Yeah this one is not quite as good as the other "does not exist" sites. A lot of the ones I've seen have a quite realistic looking bench, but with a very obviously not-real backdrop. Strange smears and artifacts are a dead giveaway.
That's an interesting question. I think Colab times out after 24 hours - so it would need a bit more hand-holding. Additionally, there's no guarantee of what resources you'll get with them - so the entire process will take a lot longer.
The timeout doesn't matter much, you can periodically save to drive. I spent like a month (subjectively) training gpt2 on Colab by just letting it run for a while and save the weights to drive and then pick up from there next time. I've done the same with GANs, too over a couple of days.

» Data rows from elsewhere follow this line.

(* Let $k\geq 2$ be an integer and let $G$ be a properly edge-coloured graph on $n$ vertices. If $\hom(C_{2k},G)>64^{2k}k^{3k}n\Delta(G)^k$, then $G$ contains a rainbow cycle of length $2k$.
   Context: $\hom(C_{2k},G)$ is the number of graph homomorphisms from the cycle $C_{2k}$ to $G$, i.e. tuples $(x_1,\dots,x_{2k})$ of vertices with $x_ix_{i+1}\in E(G)$ for all $i$ (indices mod $2k$). $\Delta(G)$ is the maximum degree. An edge-colouring is proper if edges sharing a vertex get different colours; a subgraph is rainbow if all its edges have distinct colours. *)

theory Defs
  imports Complex_Main "HOL-Library.FuncSet"
begin

definition simple_graph :: "'a set \<Rightarrow> 'a set set \<Rightarrow> bool" where
  "simple_graph V E \<longleftrightarrow> finite V \<and> (\<forall>e\<in>E. e \<subseteq> V \<and> card e = 2)"

definition degree :: "'a set set \<Rightarrow> 'a \<Rightarrow> nat" where
  "degree E v = card {e\<in>E. v \<in> e}"

definition max_degree :: "'a set \<Rightarrow> 'a set set \<Rightarrow> nat" where
  "max_degree V E = Max (insert 0 (degree E ` V))"

definition proper_edge_colouring :: "'a set set \<Rightarrow> ('a set \<Rightarrow> 'c) \<Rightarrow> bool" where
  "proper_edge_colouring E c \<longleftrightarrow>
     (\<forall>e\<in>E. \<forall>f\<in>E. e \<noteq> f \<and> e \<inter> f \<noteq> {} \<longrightarrow> c e \<noteq> c f)"

definition cycle_homs :: "nat \<Rightarrow> 'a set \<Rightarrow> 'a set set \<Rightarrow> (nat \<Rightarrow> 'a) set" where
  "cycle_homs m V E = {x \<in> {0..<m} \<rightarrow>\<^sub>E V. \<forall>i<m. {x i, x ((i + 1) mod m)} \<in> E}"

definition hom_cycle :: "nat \<Rightarrow> 'a set \<Rightarrow> 'a set set \<Rightarrow> nat" where
  "hom_cycle m V E = card (cycle_homs m V E)"

definition is_cycle :: "'a set \<Rightarrow> 'a set set \<Rightarrow> nat \<Rightarrow> (nat \<Rightarrow> 'a) \<Rightarrow> bool" where
  "is_cycle V E m x \<longleftrightarrow> inj_on x {0..<m} \<and> (\<forall>i<m. x i \<in> V) \<and>
     (\<forall>i<m. {x i, x ((i + 1) mod m)} \<in> E)"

As I interpret it, the point is to demonstrate how anyone with a dataset large enough can now do this. Even memorial benches, because that's what the author had.
We just need a "This (This thing does not exist) Does Not Exist", sort of a meta does not exist, a sort of Y Combinator (natch) of "this thing does not exist".
This particular trend has a long way yet to metastasize. It violates rule 34 at least. The list of "This X does not exist" is counted in the teens and we will see lots more of it.